**INSTRUCTIONS TO FOLLOW**
Among the records that follow, find the line with "by (subst lborel_real2_eq_distr_pair)" and the line with "vec \<Rightarrow> (real, 'n)". Set down those lines and all lines between them exactly, without adding anything.

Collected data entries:
Content starts

(* Let $\Omega\subset\mathbb{R}^2$ be a bounded domain with smooth boundary and $p\ge1$. There is $c=c(p,\Omega)>0$ such that for all $\varphi,\psi\in C^1(\overline\Omega)$ with $\varphi>0$, $\psi>0$ in $\overline\Omega$, $$\int_\Omega\varphi^{p+1}\psi\le c\left\{\int_\Omega\psi|\nabla\varphi|^2+\int_\Omega\frac{\varphi}{\psi}|\nabla\psi|^2+\int_\Omega\varphi\psi\right\}\cdot\int_\Omega\varphi^p+c\int_\Omega\psi|\nabla\varphi|^2.$$ *)

theory Defs
  imports "HOL-Analysis.Analysis"
begin

definition grad :: "(real^2 \<Rightarrow> real) \<Rightarrow> real^2 \<Rightarrow> real^2" where
  "grad f x = (\<chi> i. frechet_derivative f (at x) (axis i 1))"

definition smooth_real_fun :: "(real \<Rightarrow> real) \<Rightarrow> bool" where
  "smooth_real_fun h \<longleftrightarrow> (\<forall>n t. ((deriv ^^ n) h) differentiable (at t))"

definition smooth_boundary :: "(real^2) set \<Rightarrow> bool" where
  "smooth_boundary \<Omega> \<longleftrightarrow>
    (\<forall>z\<in>frontier \<Omega>. \<exists>r>0. \<exists>(T :: real^2 \<Rightarrow> real^2) h. orthogonal_transformation T \<and> smooth_real_fun h \<and>
       \<Omega> \<inter> ball z r = {x \<in> ball z r. (T (x - z)) $ 2 < h ((T (x - z)) $ 1)})"

definition C1_closure :: "(real^2) set \<Rightarrow> (real^2 \<Rightarrow> real) \<Rightarrow> bool" where
  "C1_closure \<Omega> f \<longleftrightarrow> (\<forall>x\<in>\<Omega>. f differentiable (at x)) \<and> continuous_on (closure \<Omega>) f \<and>
     (\<exists>g. continuous_on (closure \<Omega>) g \<and> (\<forall>x\<in>\<Omega>. g x = grad f x))"

end

theory Submission
  imports Defs
begin

text \<open>
  The heart of the matter is the Sobolev inequality \<open>\<integral>w\<^sup>2 \<le> K (\<integral>|\<nabla>w| + |w|)\<^sup>2\<close> on \<open>\<Omega>\<close>,
  i.e. the embedding of W^{1,1} into L^2 in the plane. Locally it is Gagliardo's argument: if
  \<open>|V|\<close> is bounded by the integrals of \<open>F\<^sub>1\<close> and of \<open>F\<^sub>2\<close> along the lines in two independent
  directions, then \<open>\<integral>V\<^sup>2 \<le> (\<integral>F\<^sub>1)(\<integral>F\<^sub>2)\<close> up to the Jacobian of the frame. For \<open>V = \<eta>w\<close>, where the
  cut-off \<open>\<eta>\<close> vanishes on the boundary of a small ball, such bounds follow from the fundamental
  theorem of calculus along rays that stay in \<open>\<Omega>\<close> until they leave the ball. Near a boundary
  point \<open>\<Omega>\<close> lies below a Lipschitz graph, and two rays pointing downwards more steeply than the
  graph can fall do the job; compactness of the closure leaves finitely many balls.

  The lemma follows by applying the inequality to \<open>w = \<phi>\<^bsup>(p+1)/2\<^esup> \<psi>\<^bsup>1/2\<^esup>\<close>: each of the three
  terms bounding \<open>|\<nabla>w| + |w|\<close> is estimated by Cauchy-Schwarz, and
  \<open>\<integral>\<phi>\<^bsup>p-1\<^esup> \<le> |\<Omega>| + \<integral>\<phi>\<^bsup>p\<^esup>\<close> absorbs the one term without the factor \<open>\<integral>\<phi>\<^bsup>p\<^esup>\<close>.
\<close>

section \<open>Integration on the plane\<close>

lemma real2_eq_axis_sum: "x = x$1 *\<^sub>R axis 1 1 + x$2 *\<^sub>R axis 2 (1::real)"
  for x :: "real^2"
  by (simp add: vec_eq_iff forall_2 axis_def)

lemma vector_2_eq_axis_sum: "(vector [a, b] :: real^2) = a *\<^sub>R axis 1 1 + b *\<^sub>R axis 2 1"
  using real2_eq_axis_sum[of "vector [a, b]"] by simp

lemma measurable_vector_2 [measurable]:
  "f \<in> borel_measurable M \<Longrightarrow> g \<in> borel_measurable M \<Longrightarrow>
    (\<lambda>x. vector [f x, g x] :: real^2) \<in> borel_measurable M"
  unfolding vector_2_eq_axis_sum by (intro borel_measurable_add borel_measurable_scaleR borel_measurable_const)

lemma prod_Basis_real2:
  fixes f :: "real^2 \<Rightarrow> 'a::comm_monoid_mult"
  shows "(\<Prod>b\<in>Basis. f b) = f (axis 1 1) * f (axis 2 1)"
proof -
  have Basis: "(Basis :: (real^2) set) = {axis 1 1, axis 2 1}"
    by (auto simp: Basis_vec_def UNIV_2)
  have "axis (1::2) (1::real) \<noteq> axis 2 1"
    by (simp add: axis_eq_axis)
  then show ?thesis
    unfolding Basis by simp
qed

lemma lborel_real2_eq_distr_pair:
  "(lborel :: (real^2) measure) = distr (lborel \<Otimes>\<^sub>M lborel) borel (\<lambda>(a, b). vector [a, b])"
proof (rule lborel_eqI)
  fix l u :: "real^2"
  assume le: "\<And>b. b \<in> Basis \<Longrightarrow> l \<bullet> b \<le> u \<bullet> b"
  have "l$1 \<le> u$1" "l$2 \<le> u$2"
    using le[of "axis 1 1"] le[of "axis 2 1"] by (auto simp: Basis_vec_def inner_axis)
  moreover have "(\<lambda>(a, b). vector [a, b]) -` box l u \<inter> space (lborel \<Otimes>\<^sub>M lborel)
      = box (l$1) (u$1) \<times> box (l$2) (u$2)"
    by (auto simp: mem_box_cart forall_2 space_pair_measure)
  ultimately show "emeasure (distr (lborel \<Otimes>\<^sub>M lborel) borel (\<lambda>(a, b). vector [a, b])) (box l u)
      = (\<Prod>b\<in>Basis. (u - l) \<bullet> b)"
    by (simp add: emeasure_distr lborel.emeasure_pair_measure_Times prod_Basis_real2 inner_axis
        ennreal_mult)
qed simp

lemma nn_integral_real2_iterated:
  fixes f :: "real^2 \<Rightarrow> ennreal"
  assumes [measurable]: "f \<in> borel_measurable borel"
  shows "(\<integral>\<^sup>+x. f x \<partial>lborel) = (\<integral>\<^sup>+a. \<integral>\<^sup>+b. f (vector [a, b]) \<partial>lborel \<partial>lborel)"
  by (subst lborel_real2_eq_distr_pair)
    (simp add: nn_integral_distr lborel.nn_integral_fst[symmetric] case_prod_beta)

lemma lborel_eq_density_distr_linear:
  fixes g :: "(real, 'n::{finite,wellorder}) vec \<Rightarrow> (real, 'n) vec"
  assumes g: "linear g" and det: "det (matrix g) \<noteq> 0"
  shows "lborel = density (distr lborel borel g) (\<lambda>_. ennreal \<bar>det (matrix g)\<bar>)"
proof (rule lborel_eqI)
  obtain h where h: "linear h" and hg: "\<And>x. h (g x) = x" and gh: "\<And>x. g (h x) = x"
    using linear_injective_isomorphism[OF g] det_nz_iff_inj[OF g] det by auto
  have [measurable]: "g \<in> borel_measurable borel"
    using g by (simp add: borel_measurable_continuous_onI linear_continuous_on linear_linear)
  have "det (matrix g) * det (matrix h) = 1"
    using matrix_compose[OF h g] gh
    by (metis comp_apply det_I det_mul eq_id_iff matrix_id_mat_1)
  then have det_gh: "\<bar>det (matrix g)\<bar> * \<bar>det (matrix h)\<bar> = 1"
    by (simp add: abs_mult[symmetric])
  fix l u :: "(real, 'n) vec"
  assume "\<And>b. b \<in> Basis \<Longrightarrow> l \<bullet> b \<le> u \<bullet> b"
  then have box: "measure lebesgue (box l u) = (\<Prod>b\<in>Basis. (u - l) \<bullet> b)"
    by (simp add: measure_lborel_box_eq inner_diff_left)
  have pre: "g -` box l u = h ` box l u"
    using gh hg by (auto simp: image_iff) metis
  have "h ` box l u \<in> sets borel"
    using pre[symmetric] g by (metis borel_open open_box open_vimage linear_continuous_on linear_linear)
  then have "emeasure lborel (g -` box l u) = emeasure lebesgue (h ` box l u)"
    by (simp add: pre)
  also have "\<dots> = ennreal (\<bar>det (matrix h)\<bar> * measure lebesgue (box l u))"
    using measure_linear_image[OF h, of "box l u"] measurable_linear_image[OF h, of "box l u"]
    by (simp add: emeasure_eq_measure2)
  finally have e1: "emeasure lborel (g -` box l u) = ennreal (\<bar>det (matrix h)\<bar> * measure lebesgue (box l u))" .
  have "emeasure (density (distr lborel borel g) (\<lambda>_. ennreal \<bar>det (matrix g)\<bar>)) (box l u)
      = ennreal \<bar>det (matrix g)\<bar> * emeasure lborel (g -` box l u)"
    by (simp add: emeasure_density nn_integral_cmult_indicator emeasure_distr)
  also have "\<dots> = ennreal (\<bar>det (matrix g)\<bar> * \<bar>det (matrix h)\<bar> * measure lebesgue (box l u))"
    using e1 by (simp add: ennreal_mult mult.assoc)
  finally show "emeasure (density (distr lborel borel g) (\<lambda>_. ennreal \<bar>det (matrix g)\<bar>)) (box l u)
      = (\<Prod>b\<in>Basis. (u - l) \<bullet> b)"
    by (simp add: det_gh box)
qed simp
(* Let $(X,Y,\eta,\mu,\psi,\epsilon,\delta,\phi)$ be a left Frobenius pair in a monoidal category $(\mathfrak{C},\otimes,\mathbbm{1})$, and set $\alpha=\phi\circ\eta\colon\mathbbm{1}\to Y\otimes X$ and $\beta=\epsilon\circ\psi\colon X\otimes Y\to\mathbbm{1}$. Then \[ (\beta\otimes X)\circ(X\otimes\alpha)=\mathrm{id}_X \quad\text{and}\quad (Y\otimes\beta)\circ(\alpha\otimes Y)=\mathrm{id}_Y, \] so $X$ is left dualizable with dual $Y$. Consequently, for all objects $U,V$ of $\mathfrak{C}$ there are bijections, natural in $U$ and $V$, \[ \lambda\colon \operatorname{Hom}_{\mathfrak{C}}(X\otimes U,V)\to\operatorname{Hom}_{\mathfrak{C}}(U,Y\otimes V),\quad \lambda(f)=(Y\otimes f)\circ(\phi\eta\otimes U), \] with inverse $g\mapsto(\epsilon\psi\otimes V)\circ(X\otimes g)$, and \[ \rho\colon \operatorname{Hom}_{\mathfrak{C}}(U\otimes Y,V)\to\operatorname{Hom}_{\mathfrak{C}}(U,V\otimes X),\quad \rho(f)=(f\otimes X)\circ(U\otimes\phi\eta), \] with inverse $g\mapsto(V\otimes\epsilon\psi)\circ(g\otimes Y)$.
   Context: Throughout, $(\mathfrak{C},\otimes,\mathbbm{1})$ is a monoidal category; associativity and unit isomorphisms are suppressed (identifying $\mathbbm{1}\otimes A=A=A\otimes\mathbbm{1}$). A \emph{left Frobenius pair} in $\mathfrak{C}$ consists of objects $X,Y$ and morphisms $\epsilon\colon Y\to\mathbbm{1}$, $\eta\colon\mathbbm{1}\to X$, $\delta\colon Y\to Y\otimes Y$, $\mu\colon X\otimes X\to X$, $\phi\colon X\to Y\otimes X$, $\psi\colon X\otimes Y\to Y$ such that: (1a) $(X,\eta,\mu)$ is an associative unital monoid: $\mu(\mu\otimes X)=\mu(X\otimes\mu)$, $\mu(\eta\otimes X)=\mathrm{id}_X=\mu(X\otimes\eta)$; (1b) $(Y,\epsilon,\delta)$ is a coassociative counital comonoid: $(\delta\otimes Y)\delta=(Y\otimes\delta)\delta$, $(\epsilon\otimes Y)\delta=\mathrm{id}_Y=(Y\otimes\epsilon)\delta$; (2a) $\psi$ is a left $X$-module structure on $Y$: $\psi(\mu\otimes Y)=\psi(X\otimes\psi)$, $\psi(\eta\otimes Y)=\mathrm{id}_Y$; (2b) $\phi$ is a left $Y$-comodule structure on $X$: $(\delta\otimes X)\phi=(Y\otimes\phi)\phi$, $(\epsilon\otimes X)\phi=\mathrm{id}_X$; (3a) $\phi$ is a left $X$-module map: $\phi\circ\mu=(\psi\otimes X)\circ(X\otimes\phi)$; (3b) $\psi$ is a left $Y$-comodule map: $\delta\circ\psi=(Y\otimes\psi)\circ(\phi\otimes Y)$. *)

theory Defs
  imports Main
begin

text \<open>Associativity and unit isomorphisms are
suppressed in the paper (identifying 1 (x) A = A = A (x) 1 and bracketings),
so we model the monoidal category as a strict one. Every element of the
morphism type is an arrow with a domain and codomain; composition
Comp C g f means g after f and is only constrained when Cod f = Dom g.\<close>

record ('o, 'm) moncat =
  Dom  :: "'m \<Rightarrow> 'o"
  Cod  :: "'m \<Rightarrow> 'o"
  Comp :: "'m \<Rightarrow> 'm \<Rightarrow> 'm"
  Idm  :: "'o \<Rightarrow> 'm"
  TenO :: "'o \<Rightarrow> 'o \<Rightarrow> 'o"
  TenM :: "'m \<Rightarrow> 'm \<Rightarrow> 'm"
  Unit :: "'o"

definition Hom :: "('o, 'm, 'z) moncat_scheme \<Rightarrow> 'o \<Rightarrow> 'o \<Rightarrow> 'm set" where
  "Hom C A B = {f. Dom C f = A \<and> Cod C f = B}"

definition strict_monoidal_category :: "('o, 'm, 'z) moncat_scheme \<Rightarrow> bool" where
  "strict_monoidal_category C \<longleftrightarrow>
     \<comment> \<open>category axioms\<close>
     (\<forall>A. Dom C (Idm C A) = A \<and> Cod C (Idm C A) = A) \<and>
     (\<forall>f g. Cod C f = Dom C g \<longrightarrow> Dom C (Comp C g f) = Dom C f \<and> Cod C (Comp C g f) = Cod C g) \<and>
     (\<forall>f g h. Cod C f = Dom C g \<and> Cod C g = Dom C h \<longrightarrow>
        Comp C h (Comp C g f) = Comp C (Comp C h g) f) \<and>
     (\<forall>f. Comp C (Idm C (Cod C f)) f = f \<and> Comp C f (Idm C (Dom C f)) = f) \<and>
     \<comment> \<open>tensor is a bifunctor\<close>
     (\<forall>f g. Dom C (TenM C f g) = TenO C (Dom C f) (Dom C g) \<and>
            Cod C (TenM C f g) = TenO C (Cod C f) (Cod C g)) \<and>
     (\<forall>A B. TenM C (Idm C A) (Idm C B) = Idm C (TenO C A B)) \<and>
     (\<forall>f g f' g'. Cod C f = Dom C g \<and> Cod C f' = Dom C g' \<longrightarrow>
        TenM C (Comp C g f) (Comp C g' f') = Comp C (TenM C g g') (TenM C f f')) \<and>
     \<comment> \<open>strict associativity and unitality\<close>
     (\<forall>A B D. TenO C (TenO C A B) D = TenO C A (TenO C B D)) \<and>
     (\<forall>f g h. TenM C (TenM C f g) h = TenM C f (TenM C g h)) \<and>
     (\<forall>A. TenO C (Unit C) A = A \<and> TenO C A (Unit C) = A) \<and>
     (\<forall>f. TenM C (Idm C (Unit C)) f = f \<and> TenM C f (Idm C (Unit C)) = f)"

text \<open>Left Frobenius pair (X, Y, eta, mu, psi, epsilon, delta, phi).
Whiskering "f (x) A" means TenM C f (Idm C A).\<close>

definition left_frobenius_pair ::
  "('o, 'm, 'z) moncat_scheme \<Rightarrow> 'o \<Rightarrow> 'o \<Rightarrow> 'm \<Rightarrow> 'm \<Rightarrow> 'm \<Rightarrow> 'm \<Rightarrow> 'm \<Rightarrow> 'm \<Rightarrow> bool" where
  "left_frobenius_pair C X Y \<epsilon> \<eta> \<delta> \<mu> \<phi> \<psi> \<longleftrightarrow>
     \<epsilon> \<in> Hom C Y (Unit C) \<and> \<eta> \<in> Hom C (Unit C) X \<and>
     \<delta> \<in> Hom C Y (TenO C Y Y) \<and> \<mu> \<in> Hom C (TenO C X X) X \<and>
     \<phi> \<in> Hom C X (TenO C Y X) \<and> \<psi> \<in> Hom C (TenO C X Y) Y \<and>
     \<comment> \<open>(1a)\<close>
     Comp C \<mu> (TenM C \<mu> (Idm C X)) = Comp C \<mu> (TenM C (Idm C X) \<mu>) \<and>
     Comp C \<mu> (TenM C \<eta> (Idm C X)) = Idm C X \<and>
     Comp C \<mu> (TenM C (Idm C X) \<eta>) = Idm C X \<and>
     \<comment> \<open>(1b)\<close>
     Comp C (TenM C \<delta> (Idm C Y)) \<delta> = Comp C (TenM C (Idm C Y) \<delta>) \<delta> \<and>
     Comp C (TenM C \<epsilon> (Idm C Y)) \<delta> = Idm C Y \<and>
     Comp C (TenM C (Idm C Y) \<epsilon>) \<delta> = Idm C Y \<and>
     \<comment> \<open>(2a)\<close>
     Comp C \<psi> (TenM C \<mu> (Idm C Y)) = Comp C \<psi> (TenM C (Idm C X) \<psi>) \<and>
     Comp C \<psi> (TenM C \<eta> (Idm C Y)) = Idm C Y \<and>
     \<comment> \<open>(2b)\<close>
     Comp C (TenM C \<delta> (Idm C X)) \<phi> = Comp C (TenM C (Idm C Y) \<phi>) \<phi> \<and>
     Comp C (TenM C \<epsilon> (Idm C X)) \<phi> = Idm C X \<and>
     \<comment> \<open>(3a)\<close>
     Comp C \<phi> \<mu> = Comp C (TenM C \<psi> (Idm C X)) (TenM C (Idm C X) \<phi>) \<and>
     \<comment> \<open>(3b)\<close>
     Comp C \<delta> \<psi> = Comp C (TenM C (Idm C Y) \<psi>) (TenM C \<phi> (Idm C Y))"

Content ends

**TASK OUTPUT**
  by (subst lborel_real2_eq_distr_pair)
    (simp add: nn_integral_distr lborel.nn_integral_fst[symmetric] case_prod_beta)

lemma lborel_eq_density_distr_linear:
  fixes g :: "(real, 'n::{finite,wellorder}) vec \<Rightarrow> (real, 'n) vec"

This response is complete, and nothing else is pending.